■ Instructions for the task ■
Repeat every entry below exactly.

:: Data section ::

lemma gauss_int_0: "gauss_int 0"
  by (simp add: gauss_int_def)

lemma taylor_poly_in_int_polys:
  assumes "\<forall>k. gauss_int (c k)"
  shows "taylor_poly c n \<in> int_polys n"
proof -
  have "taylor_poly c n = 0 \<or> degree (taylor_poly c n) < n"
  proof (cases n)
    case (Suc m)
    then have "degree (taylor_poly c n) \<le> m"
      by (intro degree_le) (simp add: coeff_taylor_poly)
    with Suc show ?thesis
      by simp
  qed (simp add: taylor_poly_def)
  with assms show ?thesis
    by (simp add: int_polys_def coeff_taylor_poly gauss_int_0)
qed

lemma gauss_int_limit:
  assumes "a \<longlonglongrightarrow> l" and "\<And>n. gauss_int (a n)"
  shows "gauss_int l"
  using assms closed_sequentially[OF closed_Ints _ tendsto_Re[OF assms(1)]]
    closed_sequentially[OF closed_Ints _ tendsto_Im[OF assms(1)]]
  by (simp add: gauss_int_def)

theorem theorem5p3:
  fixes X :: "(complex \<Rightarrow> complex) set" and N :: "(complex \<Rightarrow> complex) \<Rightarrow> real"
    and f :: "complex \<Rightarrow> complex" and c :: "nat \<Rightarrow> complex"
  assumes "admissible_space X N"
    and "f \<in> X"
    and "\<forall>z\<in>unit_disk. (\<lambda>k. c k * z ^ k) sums f z"
    and "(\<lambda>n. N (\<lambda>z. f z - (\<Sum>k\<le>n. c k * z ^ k))) \<longlonglongrightarrow> 0"
  shows "(\<exists>p :: nat \<Rightarrow> complex poly. (\<forall>n. p n \<in> int_polys n) \<and>
            (\<lambda>n. N (\<lambda>z. f z - poly (p n) z)) \<longlonglongrightarrow> 0)
         \<longleftrightarrow> (\<forall>k. gauss_int (c k))"
proof -
  interpret admissible_function_space X N
    by (rule admissible_function_spaceI) fact
  have "(\<lambda>n. N (\<lambda>z. f z - poly (taylor_poly c (Suc n)) z)) \<longlonglongrightarrow> 0"
    using assms(4) by (simp only: poly_taylor_poly lessThan_Suc_atMost)
  then have taylor: "(\<lambda>n. N (\<lambda>z. f z - poly (taylor_poly c n) z)) \<longlonglongrightarrow> 0"
    by (rule LIMSEQ_imp_Suc)
  show ?thesis
  proof
    assume "\<exists>p. (\<forall>n. p n \<in> int_polys n) \<and> (\<lambda>n. N (\<lambda>z. f z - poly (p n) z)) \<longlonglongrightarrow> 0"
    then obtain p where p_int: "\<And>n. p n \<in> int_polys n"
      and p_lim: "(\<lambda>n. N (\<lambda>z. f z - poly (p n) z)) \<longlonglongrightarrow> 0"
      by blast
    show "\<forall>k. gauss_int (c k)"
    proof
      fix k
      have "\<forall>\<^sub>F m in sequentially. coeff (taylor_poly c m) k = c k"
        using eventually_gt_at_top[of k] by eventually_elim (simp add: coeff_taylor_poly)
      then have "(\<lambda>n. coeff (p n) k) \<longlonglongrightarrow> c k"
        using coeff_tendsto_of_approx[OF assms(2) taylor _ p_lim] by blast
      then show "gauss_int (c k)"
        by (rule gauss_int_limit) (use p_int in \<open>simp add: int_polys_def\<close>)
    qed
  next
    assume "\<forall>k. gauss_int (c k)"
    then show "\<exists>p. (\<forall>n. p n \<in> int_polys n) \<and> (\<lambda>n. N (\<lambda>z. f z - poly (p n) z)) \<longlonglongrightarrow> 0"
      using taylor_poly_in_int_polys taylor by blast
  qed
qed

end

:::

■ Answer ■
lemma gauss_int_0: "gauss_int 0"
  by (simp add: gauss_int_def)

lemma taylor_poly_in_int_polys:
  assumes "\<forall>k. gauss_int (c k)"
  shows "taylor_poly c n \<in> int_polys n"
proof -
  have "taylor_poly c n = 0 \<or> degree (taylor_poly c n) < n"
  proof (cases n)
    case (Suc m)
    then have "degree (taylor_poly c n) \<le> m"
      by (intro degree_le) (simp add: coeff_taylor_poly)
    with Suc show ?thesis
      by simp
  qed (simp add: taylor_poly_def)
  with assms show ?thesis
    by (simp add: int_polys_def coeff_taylor_poly gauss_int_0)
qed

lemma gauss_int_limit:
  assumes "a \<longlonglongrightarrow> l" and "\<And>n. gauss_int (a n)"
  shows "gauss_int l"
  using assms closed_sequentially[OF closed_Ints _ tendsto_Re[OF assms(1)]]
    closed_sequentially[OF closed_Ints _ tendsto_Im[OF assms(1)]]
  by (simp add: gauss_int_def)

theorem theorem5p3:
  fixes X :: "(complex \<Rightarrow> complex) set" and N :: "(complex \<Rightarrow> complex) \<Rightarrow> real"
    and f :: "complex \<Rightarrow> complex" and c :: "nat \<Rightarrow> complex"
  assumes "admissible_space X N"
    and "f \<in> X"
    and "\<forall>z\<in>unit_disk. (\<lambda>k. c k * z ^ k) sums f z"
    and "(\<lambda>n. N (\<lambda>z. f z - (\<Sum>k\<le>n. c k * z ^ k))) \<longlonglongrightarrow> 0"
  shows "(\<exists>p :: nat \<Rightarrow> complex poly. (\<forall>n. p n \<in> int_polys n) \<and>
            (\<lambda>n. N (\<lambda>z. f z - poly (p n) z)) \<longlonglongrightarrow> 0)
         \<longleftrightarrow> (\<forall>k. gauss_int (c k))"
proof -
  interpret admissible_function_space X N
    by (rule admissible_function_spaceI) fact
  have "(\<lambda>n. N (\<lambda>z. f z - poly (taylor_poly c (Suc n)) z)) \<longlonglongrightarrow> 0"
    using assms(4) by (simp only: poly_taylor_poly lessThan_Suc_atMost)
  then have taylor: "(\<lambda>n. N (\<lambda>z. f z - poly (taylor_poly c n) z)) \<longlonglongrightarrow> 0"
    by (rule LIMSEQ_imp_Suc)
  show ?thesis
  proof
    assume "\<exists>p. (\<forall>n. p n \<in> int_polys n) \<and> (\<lambda>n. N (\<lambda>z. f z - poly (p n) z)) \<longlonglongrightarrow> 0"
    then obtain p where p_int: "\<And>n. p n \<in> int_polys n"
      and p_lim: "(\<lambda>n. N (\<lambda>z. f z - poly (p n) z)) \<longlonglongrightarrow> 0"
      by blast
    show "\<forall>k. gauss_int (c k)"
    proof
      fix k
      have "\<forall>\<^sub>F m in sequentially. coeff (taylor_poly c m) k = c k"
        using eventually_gt_at_top[of k] by eventually_elim (simp add: coeff_taylor_poly)
      then have "(\<lambda>n. coeff (p n) k) \<longlonglongrightarrow> c k"
        using coeff_tendsto_of_approx[OF assms(2) taylor _ p_lim] by blast
      then show "gauss_int (c k)"
        by (rule gauss_int_limit) (use p_int in \<open>simp add: int_polys_def\<close>)
    qed
  next
    assume "\<forall>k. gauss_int (c k)"
    then show "\<exists>p. (\<forall>n. p n \<in> int_polys n) \<and> (\<lambda>n. N (\<lambda>z. f z - poly (p n) z)) \<longlonglongrightarrow> 0"
      using taylor_poly_in_int_polys taylor by blast
  qed
qed

end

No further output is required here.